_Material to process_
╔══

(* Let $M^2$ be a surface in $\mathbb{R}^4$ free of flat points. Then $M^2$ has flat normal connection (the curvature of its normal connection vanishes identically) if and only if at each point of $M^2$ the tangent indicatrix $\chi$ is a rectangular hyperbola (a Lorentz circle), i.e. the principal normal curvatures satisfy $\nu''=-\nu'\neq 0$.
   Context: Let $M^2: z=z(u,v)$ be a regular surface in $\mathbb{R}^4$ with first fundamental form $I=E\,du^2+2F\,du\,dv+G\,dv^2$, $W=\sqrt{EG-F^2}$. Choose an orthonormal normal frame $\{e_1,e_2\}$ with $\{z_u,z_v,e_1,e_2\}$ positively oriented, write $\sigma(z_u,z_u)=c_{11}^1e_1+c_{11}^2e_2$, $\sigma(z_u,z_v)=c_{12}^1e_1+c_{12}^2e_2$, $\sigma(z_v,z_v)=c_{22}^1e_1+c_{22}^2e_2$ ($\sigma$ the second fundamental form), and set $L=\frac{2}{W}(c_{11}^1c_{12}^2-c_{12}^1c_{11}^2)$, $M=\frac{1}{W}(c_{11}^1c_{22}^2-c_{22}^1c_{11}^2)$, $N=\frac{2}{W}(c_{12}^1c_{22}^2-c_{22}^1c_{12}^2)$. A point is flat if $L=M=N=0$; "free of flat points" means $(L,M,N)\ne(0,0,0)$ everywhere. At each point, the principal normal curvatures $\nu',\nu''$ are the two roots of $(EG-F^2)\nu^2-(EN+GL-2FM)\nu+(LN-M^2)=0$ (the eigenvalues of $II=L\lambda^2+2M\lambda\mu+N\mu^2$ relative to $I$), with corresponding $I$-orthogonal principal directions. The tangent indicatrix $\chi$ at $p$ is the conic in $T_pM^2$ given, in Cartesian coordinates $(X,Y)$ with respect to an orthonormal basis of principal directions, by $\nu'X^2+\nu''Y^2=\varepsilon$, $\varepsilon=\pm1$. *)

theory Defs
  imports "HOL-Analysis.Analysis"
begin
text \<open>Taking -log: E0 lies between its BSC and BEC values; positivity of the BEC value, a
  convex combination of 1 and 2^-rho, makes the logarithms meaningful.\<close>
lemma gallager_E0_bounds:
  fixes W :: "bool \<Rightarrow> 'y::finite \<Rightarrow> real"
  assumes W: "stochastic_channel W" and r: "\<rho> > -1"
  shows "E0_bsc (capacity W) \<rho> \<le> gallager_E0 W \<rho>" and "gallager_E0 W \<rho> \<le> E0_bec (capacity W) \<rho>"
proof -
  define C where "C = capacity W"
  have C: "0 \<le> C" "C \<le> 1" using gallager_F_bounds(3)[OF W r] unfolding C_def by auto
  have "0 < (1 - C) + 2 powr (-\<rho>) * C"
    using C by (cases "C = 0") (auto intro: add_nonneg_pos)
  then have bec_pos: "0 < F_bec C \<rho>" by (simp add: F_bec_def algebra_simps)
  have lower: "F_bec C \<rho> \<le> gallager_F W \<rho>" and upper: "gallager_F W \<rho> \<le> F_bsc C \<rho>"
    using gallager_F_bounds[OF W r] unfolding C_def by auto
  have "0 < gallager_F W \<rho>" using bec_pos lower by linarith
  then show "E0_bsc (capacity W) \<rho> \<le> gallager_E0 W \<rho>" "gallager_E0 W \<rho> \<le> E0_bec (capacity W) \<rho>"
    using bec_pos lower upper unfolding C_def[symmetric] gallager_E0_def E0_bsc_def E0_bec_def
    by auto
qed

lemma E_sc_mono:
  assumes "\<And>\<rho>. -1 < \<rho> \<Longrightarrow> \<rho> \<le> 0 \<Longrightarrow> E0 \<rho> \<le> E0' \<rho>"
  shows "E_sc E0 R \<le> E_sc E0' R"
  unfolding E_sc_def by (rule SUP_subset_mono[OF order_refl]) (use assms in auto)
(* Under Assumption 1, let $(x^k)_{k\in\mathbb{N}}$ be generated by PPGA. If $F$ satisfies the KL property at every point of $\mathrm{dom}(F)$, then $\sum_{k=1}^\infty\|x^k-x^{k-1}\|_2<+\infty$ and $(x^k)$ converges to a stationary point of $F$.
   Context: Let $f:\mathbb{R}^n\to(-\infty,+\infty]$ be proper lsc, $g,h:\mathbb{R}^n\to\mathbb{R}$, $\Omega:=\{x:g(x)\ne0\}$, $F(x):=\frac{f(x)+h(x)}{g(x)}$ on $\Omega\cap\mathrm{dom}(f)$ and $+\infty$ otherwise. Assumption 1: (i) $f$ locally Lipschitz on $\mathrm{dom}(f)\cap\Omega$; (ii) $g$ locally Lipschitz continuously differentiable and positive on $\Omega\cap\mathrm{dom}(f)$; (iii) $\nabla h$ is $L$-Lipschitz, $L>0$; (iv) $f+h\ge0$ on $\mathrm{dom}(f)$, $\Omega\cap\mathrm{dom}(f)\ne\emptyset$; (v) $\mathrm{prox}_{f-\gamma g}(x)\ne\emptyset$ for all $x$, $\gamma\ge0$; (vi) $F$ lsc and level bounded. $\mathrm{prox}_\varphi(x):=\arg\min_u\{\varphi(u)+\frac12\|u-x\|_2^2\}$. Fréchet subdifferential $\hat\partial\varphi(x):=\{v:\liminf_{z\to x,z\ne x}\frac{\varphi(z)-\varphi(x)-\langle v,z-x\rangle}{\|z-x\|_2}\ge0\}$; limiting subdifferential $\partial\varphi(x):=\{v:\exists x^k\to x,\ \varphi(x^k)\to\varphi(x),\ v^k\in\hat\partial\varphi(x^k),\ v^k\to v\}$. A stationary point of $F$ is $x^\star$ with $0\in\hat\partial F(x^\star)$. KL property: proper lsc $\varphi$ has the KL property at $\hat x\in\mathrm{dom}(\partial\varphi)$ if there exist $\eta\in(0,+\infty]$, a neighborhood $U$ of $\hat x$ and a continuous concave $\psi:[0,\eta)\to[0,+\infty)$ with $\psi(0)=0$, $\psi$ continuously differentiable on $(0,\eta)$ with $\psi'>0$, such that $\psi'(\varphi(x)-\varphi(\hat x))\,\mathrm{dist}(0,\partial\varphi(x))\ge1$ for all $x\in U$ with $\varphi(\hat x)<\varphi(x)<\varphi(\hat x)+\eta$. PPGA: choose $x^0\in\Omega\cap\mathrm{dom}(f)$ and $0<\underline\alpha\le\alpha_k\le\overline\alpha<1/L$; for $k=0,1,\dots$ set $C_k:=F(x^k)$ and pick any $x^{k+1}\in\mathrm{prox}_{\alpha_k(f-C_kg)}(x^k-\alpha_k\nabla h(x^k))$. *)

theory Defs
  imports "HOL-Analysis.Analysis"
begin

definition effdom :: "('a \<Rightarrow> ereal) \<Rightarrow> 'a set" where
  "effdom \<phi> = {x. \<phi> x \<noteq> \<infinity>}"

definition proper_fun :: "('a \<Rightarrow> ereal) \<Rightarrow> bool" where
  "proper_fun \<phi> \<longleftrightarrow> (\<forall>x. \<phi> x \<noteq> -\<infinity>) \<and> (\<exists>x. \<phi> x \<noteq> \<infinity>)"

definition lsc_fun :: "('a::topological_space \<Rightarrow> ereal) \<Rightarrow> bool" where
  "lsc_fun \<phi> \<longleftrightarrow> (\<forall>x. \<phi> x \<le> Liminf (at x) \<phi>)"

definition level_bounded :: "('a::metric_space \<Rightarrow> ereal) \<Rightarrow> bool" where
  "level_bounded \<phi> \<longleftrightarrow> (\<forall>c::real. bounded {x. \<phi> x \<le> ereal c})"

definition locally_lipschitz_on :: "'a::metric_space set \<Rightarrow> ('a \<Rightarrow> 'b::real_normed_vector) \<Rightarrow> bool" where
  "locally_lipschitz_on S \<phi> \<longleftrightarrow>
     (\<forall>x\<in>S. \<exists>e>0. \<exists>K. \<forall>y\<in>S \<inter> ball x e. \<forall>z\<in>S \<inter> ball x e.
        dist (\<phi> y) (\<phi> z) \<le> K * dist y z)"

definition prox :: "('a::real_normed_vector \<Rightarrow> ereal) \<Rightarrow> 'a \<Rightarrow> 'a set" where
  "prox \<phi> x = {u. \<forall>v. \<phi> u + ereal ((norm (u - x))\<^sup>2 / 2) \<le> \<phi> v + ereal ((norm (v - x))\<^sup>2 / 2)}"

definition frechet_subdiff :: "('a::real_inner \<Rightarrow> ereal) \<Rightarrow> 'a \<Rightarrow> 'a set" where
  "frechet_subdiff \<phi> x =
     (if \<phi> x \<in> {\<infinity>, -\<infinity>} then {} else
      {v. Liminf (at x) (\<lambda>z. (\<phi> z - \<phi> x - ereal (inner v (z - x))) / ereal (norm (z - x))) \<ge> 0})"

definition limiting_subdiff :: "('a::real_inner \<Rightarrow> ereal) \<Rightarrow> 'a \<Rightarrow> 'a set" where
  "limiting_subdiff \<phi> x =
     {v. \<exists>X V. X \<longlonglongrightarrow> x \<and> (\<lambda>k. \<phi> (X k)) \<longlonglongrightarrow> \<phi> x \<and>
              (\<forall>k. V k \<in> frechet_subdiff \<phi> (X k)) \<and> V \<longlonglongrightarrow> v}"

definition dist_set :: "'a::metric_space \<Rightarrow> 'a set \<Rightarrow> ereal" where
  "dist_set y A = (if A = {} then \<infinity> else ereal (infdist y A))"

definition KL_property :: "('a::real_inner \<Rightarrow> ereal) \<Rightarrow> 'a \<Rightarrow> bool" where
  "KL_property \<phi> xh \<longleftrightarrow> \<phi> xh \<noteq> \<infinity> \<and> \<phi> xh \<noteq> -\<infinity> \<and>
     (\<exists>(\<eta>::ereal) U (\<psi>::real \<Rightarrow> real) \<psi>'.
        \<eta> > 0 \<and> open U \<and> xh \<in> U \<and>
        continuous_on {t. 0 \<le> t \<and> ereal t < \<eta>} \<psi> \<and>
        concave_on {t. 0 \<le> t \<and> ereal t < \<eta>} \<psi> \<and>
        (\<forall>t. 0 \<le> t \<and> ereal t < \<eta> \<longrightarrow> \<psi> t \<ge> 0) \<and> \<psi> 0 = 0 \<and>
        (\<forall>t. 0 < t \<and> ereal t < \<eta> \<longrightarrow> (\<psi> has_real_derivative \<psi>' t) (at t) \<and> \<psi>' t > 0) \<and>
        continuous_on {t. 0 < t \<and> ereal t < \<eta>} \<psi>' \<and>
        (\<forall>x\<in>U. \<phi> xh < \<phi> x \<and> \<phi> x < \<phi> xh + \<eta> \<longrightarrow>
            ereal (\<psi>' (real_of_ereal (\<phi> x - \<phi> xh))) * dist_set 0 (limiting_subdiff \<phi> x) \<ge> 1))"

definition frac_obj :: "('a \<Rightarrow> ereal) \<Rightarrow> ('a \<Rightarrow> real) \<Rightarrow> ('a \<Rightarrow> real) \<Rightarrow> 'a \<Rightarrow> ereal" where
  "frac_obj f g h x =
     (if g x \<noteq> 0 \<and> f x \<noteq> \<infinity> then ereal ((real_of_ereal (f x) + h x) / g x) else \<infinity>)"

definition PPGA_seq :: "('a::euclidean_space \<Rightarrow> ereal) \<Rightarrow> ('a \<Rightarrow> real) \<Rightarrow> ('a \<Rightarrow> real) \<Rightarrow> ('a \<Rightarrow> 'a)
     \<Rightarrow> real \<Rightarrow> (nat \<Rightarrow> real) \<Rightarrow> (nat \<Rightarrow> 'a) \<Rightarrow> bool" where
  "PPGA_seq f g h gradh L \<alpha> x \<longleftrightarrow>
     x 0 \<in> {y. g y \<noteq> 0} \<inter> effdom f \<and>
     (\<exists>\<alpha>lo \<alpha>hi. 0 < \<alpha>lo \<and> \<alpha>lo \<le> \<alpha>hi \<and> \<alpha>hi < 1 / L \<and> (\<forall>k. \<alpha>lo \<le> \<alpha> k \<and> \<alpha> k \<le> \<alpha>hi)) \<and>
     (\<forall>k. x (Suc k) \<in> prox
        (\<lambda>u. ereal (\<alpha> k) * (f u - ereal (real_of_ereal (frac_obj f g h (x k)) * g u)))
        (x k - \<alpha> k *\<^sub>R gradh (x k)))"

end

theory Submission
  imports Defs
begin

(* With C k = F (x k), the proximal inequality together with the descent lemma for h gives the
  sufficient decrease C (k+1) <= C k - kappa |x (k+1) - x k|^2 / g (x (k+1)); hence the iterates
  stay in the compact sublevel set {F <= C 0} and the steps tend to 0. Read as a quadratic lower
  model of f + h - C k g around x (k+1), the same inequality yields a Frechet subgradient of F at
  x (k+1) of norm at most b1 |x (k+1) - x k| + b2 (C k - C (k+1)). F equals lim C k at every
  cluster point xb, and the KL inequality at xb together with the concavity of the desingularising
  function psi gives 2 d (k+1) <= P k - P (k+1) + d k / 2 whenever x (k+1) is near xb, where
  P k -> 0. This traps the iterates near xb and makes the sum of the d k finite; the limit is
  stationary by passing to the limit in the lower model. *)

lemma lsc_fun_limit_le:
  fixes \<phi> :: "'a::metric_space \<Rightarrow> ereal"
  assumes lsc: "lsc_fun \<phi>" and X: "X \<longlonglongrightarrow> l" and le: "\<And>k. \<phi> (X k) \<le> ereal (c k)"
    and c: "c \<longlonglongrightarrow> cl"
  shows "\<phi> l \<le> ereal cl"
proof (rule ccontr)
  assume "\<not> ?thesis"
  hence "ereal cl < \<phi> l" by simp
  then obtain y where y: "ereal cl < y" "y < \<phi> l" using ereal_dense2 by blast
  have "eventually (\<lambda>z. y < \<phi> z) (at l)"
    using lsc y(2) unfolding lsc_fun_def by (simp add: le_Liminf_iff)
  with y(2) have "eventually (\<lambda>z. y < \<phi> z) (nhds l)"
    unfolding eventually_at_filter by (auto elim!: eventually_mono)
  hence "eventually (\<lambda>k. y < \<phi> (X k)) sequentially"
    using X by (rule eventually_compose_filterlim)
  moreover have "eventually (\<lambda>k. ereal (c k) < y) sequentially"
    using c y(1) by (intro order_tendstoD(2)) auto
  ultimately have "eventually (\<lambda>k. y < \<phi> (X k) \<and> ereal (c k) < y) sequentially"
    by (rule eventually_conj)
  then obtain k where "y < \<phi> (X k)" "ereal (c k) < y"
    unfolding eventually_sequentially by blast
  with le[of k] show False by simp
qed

╚══

_Activity_
All lines from the one containing "using X by (rule" through the end of the material should be restated exactly, with both end lines kept.

_Reply_
    using X by (rule eventually_compose_filterlim)
  moreover have "eventually (\<lambda>k. ereal (c k) < y) sequentially"
    using c y(1) by (intro order_tendstoD(2)) auto
  ultimately have "eventually (\<lambda>k. y < \<phi> (X k) \<and> ereal (c k) < y) sequentially"
    by (rule eventually_conj)
  then obtain k where "y < \<phi> (X k)" "ereal (c k) < y"
    unfolding eventually_sequentially by blast
  with le[of k] show False by simp
qed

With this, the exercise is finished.